> _What you need to do_
Return each entry exactly, omitting nothing.

[Saved data entries]
lemma rbar_eq_weighted_sum:
  "rbar N M P s k \<omega> = (\<Sum>(n, m)\<in>{..<N} \<times> {1..M}.
      of_real (P n / real M) * cis (2 * pi * real n * real k / real N)
      * of_real ((cmod (s n m \<omega>))\<^sup>2))"
proof -
  have "rbar N M P s k \<omega> = (\<Sum>m\<in>{1..M}. \<Sum>n<N.
      of_real (P n / real M) * cis (2 * pi * real n * real k / real N)
      * of_real ((cmod (s n m \<omega>))\<^sup>2))"
    unfolding rbar_def sum_distrib_left
    by (intro sum.cong refl) (simp add: cis_conv_exp)
  also have "\<dots> = (\<Sum>(n, m)\<in>{..<N} \<times> {1..M}.
      of_real (P n / real M) * cis (2 * pi * real n * real k / real N)
      * of_real ((cmod (s n m \<omega>))\<^sup>2))"
    by (subst sum.swap) (simp add: sum.cartesian_product)
  finally show ?thesis .
qed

> _Exercise solution_
lemma rbar_eq_weighted_sum:
  "rbar N M P s k \<omega> = (\<Sum>(n, m)\<in>{..<N} \<times> {1..M}.
      of_real (P n / real M) * cis (2 * pi * real n * real k / real N)
      * of_real ((cmod (s n m \<omega>))\<^sup>2))"
proof -
  have "rbar N M P s k \<omega> = (\<Sum>m\<in>{1..M}. \<Sum>n<N.
      of_real (P n / real M) * cis (2 * pi * real n * real k / real N)
      * of_real ((cmod (s n m \<omega>))\<^sup>2))"
    unfolding rbar_def sum_distrib_left
    by (intro sum.cong refl) (simp add: cis_conv_exp)
  also have "\<dots> = (\<Sum>(n, m)\<in>{..<N} \<times> {1..M}.
      of_real (P n / real M) * cis (2 * pi * real n * real k / real N)
      * of_real ((cmod (s n m \<omega>))\<^sup>2))"
    by (subst sum.swap) (simp add: sum.cartesian_product)
  finally show ?thesis .
qed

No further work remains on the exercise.